Pensemos também que, na maioria dos lares, tais restos são tão poucos que o tempo diário utilizado no seu aproveitamento os torna especialmente antieconômicos. Acompanhe-se o seguinte exemplo: adquirindo cerca de R$ 15,00 de (bons) ingredientes, pode-se produzir cerca de quarenta unidades de salgados que, vendidos ao preço de R$ 1,00 cada, trarão aproximadamente R$ 25,00 de lucro. Isto pode ser feito sob um tempo muito menor do que, digamos, moer todos os dias três cascas de ovos durante um mês! Com este dinheiro, dá para comprar 16 litros de leite integral tipo longa vida, ou cinco latas de leite em pó integral, que são produtos industrializados e de boa qualidade, e que vão proporcionar muito mais cálcio e nutrientes (sem dizer leite é muito mais gostoso...).

Pensando por outro lado, causa sensação de paradoxo quando se observa a montanha de recursos gastos nisto que tem se transformado em uma gigantesca campanha nacional: programas em horário nobre, páginas inteiras de jornais e dezenas de ONG’s não podem existir sem expressivo dote de recursos, que bem poderiam ser explorados em investimentos geradores de riqueza e empregos.

Paradoxal também é observar como jamais se viu tamanha mobilização em torno das cascas, caroços e sementes, justamente em um momento em que o dinheiro público nunca dantes fora tratado com tamanho descaso. O testemunho de tanto desperdício, má utilização e, quando não, o puro desvio - de recursos dos impostos que todos nós, trabalhadores, quer seja na função de empresários, empregados ou autônomos, pagamos com o suor de nossos rostos, somente remete ao descarado cinismo quando assistimos, cansados e resignados, às grandes farras no Jornal Nacional, para depois aprender como reaproveitar a borra de café no Globo Repórter!

Isto lembra imediatamente da Coréia do Norte, cujo povo é orientado pelo governo a comer grama, e forçado a trabalhar em uma tresloucada corrida armamentista nuclear, enquanto seus governantes vivem de nababescas extravagâncias.

Hoje nós, famílias abastadas, medianas ou pobres, temos todos, de contingenciar nossos orçamentos, em alguma medida.
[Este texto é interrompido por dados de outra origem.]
lemma dual_cone_bounded_at_s0:
  assumes "v \<in> dual_cone S"
  obtains k where "0 \<le> k" "v \<bullet> s0 = lam0 * k" "\<And>s. s \<in> S \<Longrightarrow> v \<bullet> s \<le> k"
proof -
  obtain F \<kappa> where F: "finite F" "F \<subseteq> {w. w extreme_point_of base}" "\<forall>x\<in>F. 0 \<le> \<kappa> x"
    and v_sum: "v = (\<Sum>x\<in>F. \<kappa> x *\<^sub>R x)"
    using dual_cone_extreme_decomposition[OF assms] by blast
  define k where "k = (\<Sum>x\<in>F. \<kappa> x * support_function S x)"
  have support_pos: "0 < support_function S x" if "x \<in> F" for x
    using F(2) that support_function_pos by (auto simp: extreme_point_of_def)
  have "0 \<le> k"
    unfolding k_def using F(3) support_pos by (intro sum_nonneg) (simp add: less_imp_le)
  moreover have "v \<bullet> s0 = lam0 * k"
    using F(2) extreme_point_inner_s0
    by (auto simp: v_sum k_def inner_sum_left sum_distrib_left intro!: sum.cong)
  moreover have "v \<bullet> s \<le> k" if "s \<in> S" for s
  proof -
    have "x \<bullet> s \<le> support_function S x" for x
      using support_function_attained[OF compact_S S_nonempty, of x] that by metis
    then show ?thesis
      unfolding v_sum k_def inner_sum_left using F(3)
      by (auto intro!: sum_mono mult_left_mono)
  qed
  ultimately show ?thesis
    using that by blast
qed

lemma lam0_pos: "0 < lam0"
proof -
  obtain z where z: "z \<in> dual_cone S" "u = (\<lambda>v. z \<bullet> v)"
    using effect_unit by (auto simp: effect_iff_inner)
  obtain k where "0 \<le> k" "z \<bullet> s0 = lam0 * k"
    using dual_cone_bounded_at_s0[OF z(1)] by blast
  moreover have "z \<bullet> s0 = 1"
    using unit_eq_1[OF s0_in_S] by (simp add: z(2))
  ultimately have "0 < lam0 * k"
    by simp
  with \<open>0 \<le> k\<close> show ?thesis
    by (simp add: zero_less_mult_iff)
qed
lemma eq_upto_sum_by_weight:
  assumes B: "\<And>g. wt_ge (\<Sum>i<n. g i) (B g)"
  shows "eq_upto M (\<Sum>g\<in>PiE {..<n} (\<lambda>_. {1..M}). B g) (\<Sum>N\<le>M. \<Sum>g\<in>compositions n N. B g)"
proof -
  let ?A = "PiE {..<n} (\<lambda>_. {1..M})"
  let ?w = "\<lambda>g. \<Sum>i<n. g i"
  have fin: "finite ?A" by (auto intro: finite_PiE)
  have split: "(\<Sum>g\<in>?A. B g) = (\<Sum>g\<in>{g\<in>?A. ?w g \<le> M}. B g) + (\<Sum>g\<in>{g\<in>?A. \<not> ?w g \<le> M}. B g)"
    using fin by (simp add: sum.inter_filter flip: sum.distrib) (rule sum.cong; simp)
  have high: "eq_upto M (\<Sum>g\<in>{g\<in>?A. \<not> ?w g \<le> M}. B g) 0"
    unfolding eq_upto_0_iff by (intro wt_ge_sum wt_ge_mono[OF B]) auto
  have "(\<Sum>N\<le>M. \<Sum>g\<in>compositions n N. B g) = (\<Sum>N\<le>M. \<Sum>g\<in>{g\<in>{g\<in>?A. ?w g \<le> M}. ?w g = N}. B g)"
  proof (intro sum.cong refl)
    fix N assume "N \<in> {..M}"
    then have "{g\<in>{g\<in>?A. ?w g \<le> M}. ?w g = N} = {g\<in>?A. ?w g = N}" by auto
    with \<open>N \<in> {..M}\<close> show "compositions n N = {g\<in>{g\<in>?A. ?w g \<le> M}. ?w g = N}"
      using compositions_eq_bounded[of N M n] by simp
  qed
  also have "\<dots> = (\<Sum>g\<in>{g\<in>?A. ?w g \<le> M}. B g)"
    by (rule sum.group) (use fin in auto)
  finally show ?thesis
    using eq_upto_add[OF eq_upto_refl high] unfolding split by simp
qed
lemma energy_close_to_integral_mu_sq:
  assumes \<epsilon>1: "\<epsilon> \<le> 1"
  shows "\<bar>(LINT x : Rect \<kappa> \<alpha> \<delta> \<epsilon> | lborel. energy_density \<kappa> \<alpha> \<delta> \<theta> \<epsilon> x) - integral {0..L} (\<lambda>t. (\<mu> t)\<^sup>2)\<bar>
           \<le> 4 * near_const + far_const * pmax"
proof -
  define B where "B t = 4 * near_const * (1 / (1 + t)\<^sup>2) + far_const * H\<epsilon> (\<mu> t)" for t
  have cH: "continuous_on {0..L} (\<lambda>t. H\<epsilon> (\<mu> t))"
    using continuous_on_compose2[OF continuous_on_H continuous_on_mu, of UNIV] by simp
  have c_inv: "continuous_on {0..L} (\<lambda>t. 1 / (1 + t)\<^sup>2)"
    by (intro continuous_intros) (auto simp: add_nonneg_eq_0_iff)
  have cB: "continuous_on {0..L} B"
    unfolding B_def by (intro continuous_intros c_inv cH)
  have cm: "continuous_on {0..L} (\<lambda>t. (\<mu> t)\<^sup>2)"
    by (intro continuous_intros continuous_on_mu)
  have int_energy: "energy integrable_on box01"
    by (intro integrable_continuous continuous_on_energy)
  have int_mu: "(\<lambda>x. (\<mu> (fst x))\<^sup>2) integrable_on box01"
    by (intro integrable_continuous continuous_on_box_fst cm)
  have "\<bar>integral box01 energy - integral box01 (\<lambda>x. (\<mu> (fst x))\<^sup>2)\<bar>
      = norm (integral box01 (\<lambda>x. energy x - (\<mu> (fst x))\<^sup>2))"
    by (simp add: integral_diff[OF int_energy int_mu])
  also have "\<dots> \<le> integral box01 (\<lambda>x. B (fst x))"
  proof (rule integral_norm_bound_integral)
    show "(\<lambda>x. energy x - (\<mu> (fst x))\<^sup>2) integrable_on box01"
      using int_energy int_mu by (rule integrable_diff)
    show "(\<lambda>x. B (fst x)) integrable_on box01"
      by (intro integrable_continuous continuous_on_box_fst cB)
    fix x assume "x \<in> box01"
    then show "norm (energy x - (\<mu> (fst x))\<^sup>2) \<le> B (fst x)"
      using energy_bound[OF \<epsilon>1, of "fst x" "snd x"] by (simp add: B_def cbox_Pair_eq mem_Times_iff)
  qed
  also have "\<dots> = integral {0..L} B"
    by (rule integral_box_fst[OF cB])
  also have "\<dots> = 4 * near_const * integral {0..L} (\<lambda>t. 1 / (1 + t)\<^sup>2) + far_const * integral {0..L} (\<lambda>t. H\<epsilon> (\<mu> t))"
    unfolding B_def
    by (simp only: integral_mult_right integral_add[OF
          integrable_continuous_real[OF continuous_on_mult[OF continuous_on_const c_inv]]
          integrable_continuous_real[OF continuous_on_mult[OF continuous_on_const cH]]])
  also have "\<dots> \<le> 4 * near_const + far_const * pmax"
    using mult_left_mono[OF integral_inverse_square_le_1, of L "4 * near_const"] L_pos near_const_nonneg
    by (simp add: integral_H_mu pmax_def)
  finally show ?thesis
    using integral_energy_density integral_box_fst[OF cm] by simp
qed

end

context cutoff_profile
begin

lemma energy_close_to_integral_mu_sq_uniform:
  "\<exists>C. \<forall>\<epsilon>\<in>{0<..1}. set_integrable lborel (Rect \<kappa> \<alpha> \<delta> \<epsilon>) (energy_density \<kappa> \<alpha> \<delta> \<theta> \<epsilon>)
      \<and> \<bar>(LINT x : Rect \<kappa> \<alpha> \<delta> \<epsilon> | lborel. energy_density \<kappa> \<alpha> \<delta> \<theta> \<epsilon> x)
           - integral {0..ell \<kappa> \<alpha> \<delta> \<epsilon>} (\<lambda>t. (mu \<kappa> \<alpha> \<delta> \<epsilon> t)\<^sup>2)\<bar> \<le> C"
proof (intro exI ballI)
  fix \<epsilon> :: real assume "\<epsilon> \<in> {0<..1}"
  then interpret regularized_cutoff \<kappa> \<alpha> \<delta> \<epsilon> \<theta>
    by unfold_locales auto
  show "set_integrable lborel (Rect \<kappa> \<alpha> \<delta> \<epsilon>) (energy_density \<kappa> \<alpha> \<delta> \<theta> \<epsilon>)
      \<and> \<bar>(LINT x : Rect \<kappa> \<alpha> \<delta> \<epsilon> | lborel. energy_density \<kappa> \<alpha> \<delta> \<theta> \<epsilon> x)
           - integral {0..ell \<kappa> \<alpha> \<delta> \<epsilon>} (\<lambda>t. (mu \<kappa> \<alpha> \<delta> \<epsilon> t)\<^sup>2)\<bar> \<le> 4 * near_const + far_const * pmax"
    using energy_density_integrable energy_close_to_integral_mu_sq \<open>\<epsilon> \<in> {0<..1}\<close>
    by (simp add: integral_mu_sq)
qed

end

section \<open>Asymptotics\<close>

context profile
begin

lemma integral_mu_sq_asymp_alpha_2:
  assumes "\<alpha> = 2"
  shows "(\<lambda>\<epsilon>. integral {0..ell \<kappa> \<alpha> \<delta> \<epsilon>} (\<lambda>t. (mu \<kappa> \<alpha> \<delta> \<epsilon> t)\<^sup>2)) \<sim>[at_right 0] (\<lambda>\<epsilon>. 1/3 * (1/\<kappa>) * \<bar>ln \<epsilon>\<bar>)"
proof -
  have "\<forall>\<^sub>F \<epsilon> in at_right 0. integral {0..ell \<kappa> \<alpha> \<delta> \<epsilon>} (\<lambda>t. (mu \<kappa> \<alpha> \<delta> \<epsilon> t)\<^sup>2)
      = (ln (\<kappa> * (-\<delta>) ^ 3 + \<epsilon>) - ln \<epsilon>) / (3 * \<kappa>)"
  proof (rule eventually_at_right_less[THEN eventually_mono])
    fix \<epsilon> :: real assume "0 < \<epsilon>"
    then interpret regularized_profile \<kappa> \<alpha> \<delta> \<epsilon> by unfold_locales
    show "integral {0..ell \<kappa> \<alpha> \<delta> \<epsilon>} (\<lambda>t. (mu \<kappa> \<alpha> \<delta> \<epsilon> t)\<^sup>2) = (ln (\<kappa> * (-\<delta>) ^ 3 + \<epsilon>) - ln \<epsilon>) / (3 * \<kappa>)"
      using integral_mu_sq integral_mu_sq_alpha_2[OF assms] by simp
  qed
  then have "(\<lambda>\<epsilon>. integral {0..ell \<kappa> \<alpha> \<delta> \<epsilon>} (\<lambda>t. (mu \<kappa> \<alpha> \<delta> \<epsilon> t)\<^sup>2))
      \<sim>[at_right 0] (\<lambda>\<epsilon>. (ln (\<kappa> * (-\<delta>) ^ 3 + \<epsilon>) - ln \<epsilon>) / (3 * \<kappa>))"
    by (rule asymp_equiv_refl_ev)
  also have "\<dots> \<sim>[at_right 0] (\<lambda>\<epsilon>. 1/3 * (1/\<kappa>) * \<bar>ln \<epsilon>\<bar>)"
  proof (rule asymp_equivI')
    define c where "c = \<kappa> * (-\<delta>) ^ 3"
    have "c > 0" unfolding c_def using \<kappa>_pos \<delta>_neg by (intro mult_pos_pos zero_less_power) auto
    then have "((\<lambda>\<epsilon>. (ln (c + \<epsilon>) - ln \<epsilon>) / (3 * \<kappa>) / (1/3 * (1/\<kappa>) * \<bar>ln \<epsilon>\<bar>)) \<longlongrightarrow> 1) (at_right 0)"
      using \<kappa>_pos by real_asymp
    then show "((\<lambda>\<epsilon>. (ln (\<kappa> * (-\<delta>) ^ 3 + \<epsilon>) - ln \<epsilon>) / (3 * \<kappa>) / (1/3 * (1/\<kappa>) * \<bar>ln \<epsilon>\<bar>))
        \<longlongrightarrow> 1) (at_right 0)"
      by (simp add: c_def)
  qed
  finally show ?thesis .
qed

lemma integral_mu_sq_asymp_alpha_gt_2:
  assumes "\<alpha> > 2"
  shows "(\<lambda>\<epsilon>. integral {0..ell \<kappa> \<alpha> \<delta> \<epsilon>} (\<lambda>t. (mu \<kappa> \<alpha> \<delta> \<epsilon> t)\<^sup>2)) \<sim>[at_right 0]
    (\<lambda>\<epsilon>. 1/3 * \<epsilon> powr (3/(1+\<alpha>) - 1) * \<kappa> powr (-(3/(1+\<alpha>))) * ((3*pi/(1+\<alpha>)) / sin (3*pi/(1+\<alpha>))))"
proof -
  define s where "s = 3 / (1 + \<alpha>)"
  define c where "c = \<kappa> * (-\<delta>) powr (1 + \<alpha>)"
  have s: "0 < s" "s < 1" using assms by (auto simp: s_def)
  have "c > 0" using \<kappa>_pos \<delta>_neg by (simp add: c_def)
  have "\<forall>\<^sub>F \<epsilon> in at_right 0. integral {0..ell \<kappa> \<alpha> \<delta> \<epsilon>} (\<lambda>t. (mu \<kappa> \<alpha> \<delta> \<epsilon> t)\<^sup>2)
      = \<kappa> powr (-s) * \<epsilon> powr (s - 1) / (1 + \<alpha>) * incomplete_Beta s (1 - s) (c / (c + \<epsilon>))"
  proof (rule eventually_at_right_less[THEN eventually_mono])
    fix \<epsilon> :: real assume "0 < \<epsilon>"
    then interpret regularized_profile \<kappa> \<alpha> \<delta> \<epsilon> by unfold_locales
    show "integral {0..ell \<kappa> \<alpha> \<delta> \<epsilon>} (\<lambda>t. (mu \<kappa> \<alpha> \<delta> \<epsilon> t)\<^sup>2)
      = \<kappa> powr (-s) * \<epsilon> powr (s - 1) / (1 + \<alpha>) * incomplete_Beta s (1 - s) (c / (c + \<epsilon>))"
      using integral_mu_sq integral_mu_sq_alpha_gt_2[OF assms] by (simp add: s_def c_def)
  qed
  then have "(\<lambda>\<epsilon>. integral {0..ell \<kappa> \<alpha> \<delta> \<epsilon>} (\<lambda>t. (mu \<kappa> \<alpha> \<delta> \<epsilon> t)\<^sup>2)) \<sim>[at_right 0]
      (\<lambda>\<epsilon>. \<kappa> powr (-s) * \<epsilon> powr (s - 1) / (1 + \<alpha>) * incomplete_Beta s (1 - s) (c / (c + \<epsilon>)))"
    by (rule asymp_equiv_refl_ev)
  also have "\<dots> \<sim>[at_right 0] (\<lambda>\<epsilon>. \<kappa> powr (-s) * \<epsilon> powr (s - 1) / (1 + \<alpha>) * Beta s (1 - s))"
  proof (intro asymp_equiv_intros tendsto_imp_asymp_equiv_const)
    have "((\<lambda>\<epsilon>. c / (c + \<epsilon>)) \<longlongrightarrow> 1) (at_right 0)"
      using \<open>c > 0\<close> by (auto intro!: tendsto_eq_intros)
    moreover have "\<forall>\<^sub>F \<epsilon> in at_right 0. c / (c + \<epsilon>) \<in> {0..1}"
      using eventually_at_right_less by eventually_elim (use \<open>c > 0\<close> in auto)
    ultimately have "((\<lambda>\<epsilon>. incomplete_Beta s (1 - s) (c / (c + \<epsilon>))) \<longlongrightarrow> incomplete_Beta s (1 - s) 1) (at_right 0)"
      using s by (intro continuous_on_tendsto_compose[OF continuous_on_incomplete_Beta]) auto
    then show "((\<lambda>\<epsilon>. incomplete_Beta s (1 - s) (c / (c + \<epsilon>))) \<longlongrightarrow> Beta s (1 - s)) (at_right 0)"
      using s by (simp add: incomplete_Beta_1)
    have "sin (pi * s) > 0"
      using s by (intro sin_gt_zero) auto
    then show "Beta s (1 - s) \<noteq> 0"
      using s by (simp add: Beta_reflection)
  qed
  also have "(\<lambda>\<epsilon>. \<kappa> powr (-s) * \<epsilon> powr (s - 1) / (1 + \<alpha>) * Beta s (1 - s))
      = (\<lambda>\<epsilon>. 1/3 * \<epsilon> powr (3/(1+\<alpha>) - 1) * \<kappa> powr (-(3/(1+\<alpha>))) * ((3*pi/(1+\<alpha>)) / sin (3*pi/(1+\<alpha>))))"
  proof -
    have "3 * pi / (1 + \<alpha>) = pi * s" "1 + \<alpha> = 3 / s"
      using assms by (auto simp: s_def)
    then show ?thesis
      unfolding s_def[symmetric] by (simp add: Beta_reflection[OF s] fun_eq_iff)
  qed
  finally show ?thesis .
qed

lemma integral_mu_sq_asymp:
  assumes "\<alpha> \<ge> 2"
  defines "f \<equiv> \<lambda>\<epsilon>. if \<alpha> = 2 then 1/3 * (1/\<kappa>) * \<bar>ln \<epsilon>\<bar>
            else 1/3 * \<epsilon> powr (3/(1+\<alpha>) - 1) * \<kappa> powr (-(3/(1+\<alpha>)))
                 * ((3*pi/(1+\<alpha>)) / sin (3*pi/(1+\<alpha>)))"
  shows "(\<lambda>\<epsilon>. integral {0..ell \<kappa> \<alpha> \<delta> \<epsilon>} (\<lambda>t. (mu \<kappa> \<alpha> \<delta> \<epsilon> t)\<^sup>2)) \<sim>[at_right 0] f"
    and "filterlim f at_top (at_right 0)"
proof -
  have "(\<lambda>\<epsilon>. integral {0..ell \<kappa> \<alpha> \<delta> \<epsilon>} (\<lambda>t. (mu \<kappa> \<alpha> \<delta> \<epsilon> t)\<^sup>2)) \<sim>[at_right 0] f
      \<and> filterlim f at_top (at_right 0)"
  proof (cases "\<alpha> = 2")
    case True
    have "filterlim (\<lambda>\<epsilon>::real. 1/3 * (1/\<kappa>) * \<bar>ln \<epsilon>\<bar>) at_top (at_right 0)"
      using \<kappa>_pos by real_asymp
    then show ?thesis
      using integral_mu_sq_asymp_alpha_2[OF True] True by (simp add: f_def)
  next
    case False
    define s where "s = 3 / (1 + \<alpha>)"
    define K where "K = 1/3 * \<kappa> powr (-s) * ((pi * s) / sin (pi * s))"
    have s: "0 < s" "s < 1" using False assms by (auto simp: s_def)
    have "sin (pi * s) > 0" using s by (intro sin_gt_zero) auto
    then have "K > 0" using s \<kappa>_pos by (simp add: K_def)
    then have "filterlim (\<lambda>\<epsilon>. K * \<epsilon> powr (s - 1)) at_top (at_right 0)"
      using s by real_asymp
    moreover have "f = (\<lambda>\<epsilon>. K * \<epsilon> powr (s - 1))"
      using False by (simp add: f_def K_def s_def fun_eq_iff mult_ac)
    ultimately show ?thesis
      using integral_mu_sq_asymp_alpha_gt_2 False assms by (simp add: f_def)
  qed
  then show "(\<lambda>\<epsilon>. integral {0..ell \<kappa> \<alpha> \<delta> \<epsilon>} (\<lambda>t. (mu \<kappa> \<alpha> \<delta> \<epsilon> t)\<^sup>2)) \<sim>[at_right 0] f"
    and "filterlim f at_top (at_right 0)" by auto
qed
section \<open>Bernoulli numbers (B_1 = -1/2)\<close>

primrec bern_list :: "nat \<Rightarrow> rat list" where
  "bern_list 0 = [1]"
| "bern_list (Suc N) = bern_list N @
     [ - (\<Sum>k\<le>N. of_nat (Suc (Suc N) choose k) * (bern_list N ! k)) / of_nat (Suc (Suc N))]"

definition bern :: "nat \<Rightarrow> rat" where
  "bern N = bern_list N ! N"

text \<open>Structure constants: C l m n = C^l_{mn}, i.e. [x_m, x_n] = \<Sum>_l C^l_{mn} x_l.\<close>

definition Cmat :: "('n::finite \<Rightarrow> 'n \<Rightarrow> 'n \<Rightarrow> 'k::field) \<Rightarrow> 'n \<Rightarrow> 'n \<Rightarrow> ('n, 'k) ps" where
  "Cmat C a b = ps_setsum UNIV (\<lambda>g. ps_smult (C a b g) (ps_var g))"

primrec cpow :: "('n::finite \<Rightarrow> 'n \<Rightarrow> 'n \<Rightarrow> 'k::field) \<Rightarrow> nat \<Rightarrow> 'n \<Rightarrow> 'n \<Rightarrow> ('n, 'k) ps" where
  "cpow C 0 a b = ps_const (if a = b then 1 else 0)"
| "cpow C (Suc N) a b = ps_setsum UNIV (\<lambda>g. ps_mul (cpow C N a g) (Cmat C g b))"

text \<open>\<O> = e^\<C>, entry (a,b) is \<O>^a_b.\<close>
definition Omat :: "('n::finite \<Rightarrow> 'n \<Rightarrow> 'n \<Rightarrow> 'k::field_char_0) \<Rightarrow> 'n \<Rightarrow> 'n \<Rightarrow> ('n, 'k) ps" where
  "Omat C a b = fsum (\<lambda>N. ps_smult (1 / fact N) (cpow C N a b))"

definition Oinv :: "('n::finite \<Rightarrow> 'n \<Rightarrow> 'n \<Rightarrow> 'k::field_char_0) \<Rightarrow> 'n \<Rightarrow> 'n \<Rightarrow> ('n, 'k) ps" where
  "Oinv C a b = fsum (\<lambda>N. ps_smult ((-1) ^ N / fact N) (cpow C N a b))"
(* Let $d\ge 2$. There are constants $C_1,C_2>0$ depending only on $d$ such that for all $n\ge d+2$, all $\mathcal{F}$, $B_i$, $\mathcal{X}_v,\mathcal{Y}_v$ as in the context, and every $v\in[n]$, $$|\mathcal{Y}_v|\le C_1\left(\binom{n-1}{d-1}-|\mathcal{X}_v|\right)^{\frac{d}{d-1}}+C_2\,n^{\frac{d(d-2)}{d-1}}.$$
   Context: Let $\mathcal{F}=\{F_1,\dots,F_m\}\subseteq\binom{[n]}{d+1}$ consist of distinct sets and have VC-dimension at most $d$ (no $(d+1)$-set $S$ is shattered, i.e. no $S$ such that every $A\subseteq S$ equals $F\cap S$ for some $F\in\mathcal{F}$). For $i\in[m]$, call $B\subsetneq F_i$ admissible for $F_i$ if $F\cap F_i\neq B$ for every $F\in\mathcal{F}$ (admissible sets exist by the VC-dimension assumption). For each $i$, $B_i$ is a fixed admissible set for $F_i$ of maximum cardinality among all admissible sets for $F_i$. For $v\in[n]$, $\mathcal{X}_v:=\{F_k\setminus\{v\}: k\in[m],\ v\in B_k\}$ and $\mathcal{Y}_v:=\{F_k\setminus\{v\}: k\in[m],\ v\in F_k\setminus B_k\}$. *)

theory Defs
  imports "HOL-Analysis.Analysis"
begin

definition shatters :: "nat set set \<Rightarrow> nat set \<Rightarrow> bool" where
  "shatters \<F> S \<longleftrightarrow> (\<forall>A. A \<subseteq> S \<longrightarrow> (\<exists>F\<in>\<F>. F \<inter> S = A))"

definition vc_dim_le :: "nat set set \<Rightarrow> nat \<Rightarrow> bool" where
  "vc_dim_le \<F> d \<longleftrightarrow> (\<forall>S. finite S \<and> card S = d + 1 \<longrightarrow> \<not> shatters \<F> S)"

definition admissible :: "nat set set \<Rightarrow> nat set \<Rightarrow> nat set \<Rightarrow> bool" where
  "admissible \<F> Fi B \<longleftrightarrow> B \<subset> Fi \<and> (\<forall>F\<in>\<F>. F \<inter> Fi \<noteq> B)"

definition max_admissible :: "nat set set \<Rightarrow> nat set \<Rightarrow> nat set \<Rightarrow> bool" where
  "max_admissible \<F> Fi B \<longleftrightarrow> admissible \<F> Fi B \<and>
     (\<forall>B'. admissible \<F> Fi B' \<longrightarrow> card B' \<le> card B)"

definition Xfam :: "nat set set \<Rightarrow> (nat set \<Rightarrow> nat set) \<Rightarrow> nat \<Rightarrow> nat set set" where
  "Xfam \<F> B v = {F - {v} | F. F \<in> \<F> \<and> v \<in> B F}"

definition Yfam :: "nat set set \<Rightarrow> (nat set \<Rightarrow> nat set) \<Rightarrow> nat \<Rightarrow> nat set set" where
  "Yfam \<F> B v = {F - {v} | F. F \<in> \<F> \<and> v \<in> F - B F}"

end

theory Submission
  imports Defs
begin

text \<open>The family \<open>Y\<close> is \<open>d\<close>-uniform, so a Kruskal--Katona type estimate bounds \<open>|Y|\<close> by a
  constant times \<open>|\<partial>Y|\<^bsup>d/(d-1)\<^esup>\<close>, where \<open>\<partial>Y\<close> is its \<open>(d-1)\<close>-shadow.
  If \<open>T \<in> X\<close> and \<open>|B(T + v)| = d\<close>, then \<open>B(T + v) - v\<close> determines \<open>T\<close> and avoids \<open>\<partial>Y\<close>: a \<open>d\<close>-set
  \<open>B F\<close> contained in another member \<open>G\<close> would equal the trace \<open>G \<inter> F\<close>. Hence \<open>|\<partial>Y|\<close> is at most
  \<open>C(n-1, d-1) - |X|\<close> plus the number of the remaining members of \<open>X\<close>.
  Those are grouped by their core \<open>C = B(T + v) - v\<close>, of size at most \<open>d - 2\<close>; within a group the
  sets \<open>T - C\<close> meet every member of the link of \<open>v\<close> above \<open>C\<close> and, by the maximality of \<open>B\<close>,
  cut out every nonempty proper subset of themselves as a trace, which bounds the size of the group by
  a constant depending only on \<open>d\<close>.\<close>

section \<open>Shadows of uniform families\<close>

definition shadow :: "'a set set \<Rightarrow> nat \<Rightarrow> 'a set set" where
  "shadow Y k = {T. \<exists>S\<in>Y. T \<subseteq> S \<and> card T = k}"

definition extension_points :: "'a set set \<Rightarrow> 'a set \<Rightarrow> 'a set" where
  "extension_points Y T = {x. x \<notin> T \<and> insert x T \<in> Y}"

lemma finite_shadow:
  assumes "finite Y" and "\<And>S. S \<in> Y \<Longrightarrow> finite S"
  shows "finite (shadow Y k)"
proof -
  have "shadow Y k \<subseteq> (\<Union>S\<in>Y. Pow S)"
    unfolding shadow_def by auto
  then show ?thesis
    using assms by (auto intro: finite_subset)
qed

lemma finite_extension_points:
  assumes "finite Y" and "\<And>S. S \<in> Y \<Longrightarrow> finite S"
  shows "finite (extension_points Y T)"
proof -
  have "extension_points Y T \<subseteq> \<Union>Y"
    unfolding extension_points_def by auto
  then show ?thesis
    using assms by (auto intro: finite_subset)
qed

lemma power_le_fact_mult_card_if_incidences:
  assumes "finite E" and "finite Z" and "t \<le> card E"
    and "\<And>x. x \<in> E \<Longrightarrow> t ^ j \<le> fact j * card {S \<in> Z. x \<in> S}"
    and "\<And>S. S \<in> Z \<Longrightarrow> card {x \<in> E. x \<in> S} \<le> Suc j"
  shows "t ^ Suc j \<le> fact (Suc j) * card Z"
proof -
  have "t * t ^ j \<le> (\<Sum>x\<in>E. t ^ j)"
    using assms(3) by simp
  also have "\<dots> \<le> (\<Sum>x\<in>E. fact j * card {S \<in> Z. x \<in> S})"
    using assms(4) by (rule sum_mono)
  also have "\<dots> = fact j * (\<Sum>x\<in>E. \<Sum>S\<in>Z. if x \<in> S then 1 else 0)"
    using assms(2) by (simp add: sum_distrib_left sum.inter_filter[symmetric])
  also have "(\<Sum>x\<in>E. \<Sum>S\<in>Z. if x \<in> S then 1 else 0) = (\<Sum>S\<in>Z. card {x \<in> E. x \<in> S})"
    using assms(1) by (subst sum.swap) (simp add: sum.inter_filter[symmetric])
  also have "\<dots> \<le> (\<Sum>S\<in>Z. Suc j)"
    using assms(5) by (rule sum_mono)
  finally show ?thesis
    by (simp add: algebra_simps)
qed

lemma card_extension_points_inter_le:
  assumes "A \<subseteq> T" and "A \<subseteq> S" and "finite S"
  shows "card {x \<in> extension_points Y T. x \<in> S} \<le> card S - card A"
proof -
  have "{x \<in> extension_points Y T. x \<in> S} \<subseteq> S - A"
    unfolding extension_points_def using assms(1) by auto
  then have "card {x \<in> extension_points Y T. x \<in> S} \<le> card (S - A)"
    using assms(3) by (intro card_mono) auto
  also have "\<dots> = card S - card A"
    using assms(2,3) by (simp add: card_Diff_subset finite_subset)
  finally show ?thesis .
qed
O rico deixa de investir, o de classe média deixa de adquirir um bem para o seu lar e ao pobre lhe falta o alimento ou o remédio, tudo isto, para somar bilhões e bilhões de reais para os governos, recursos que têm sido usados para qualquer tipo de coisa, menos para aquelas às quais consignamos ao estado fazer, tais como manter estradas ou prover saúde e segurança. Mas, recursos para financiar gangues de vândalos - ora bolas - para isto não falta dinheiro.

E qual a resposta que nos chega? “- Ora, vão comer cascas”!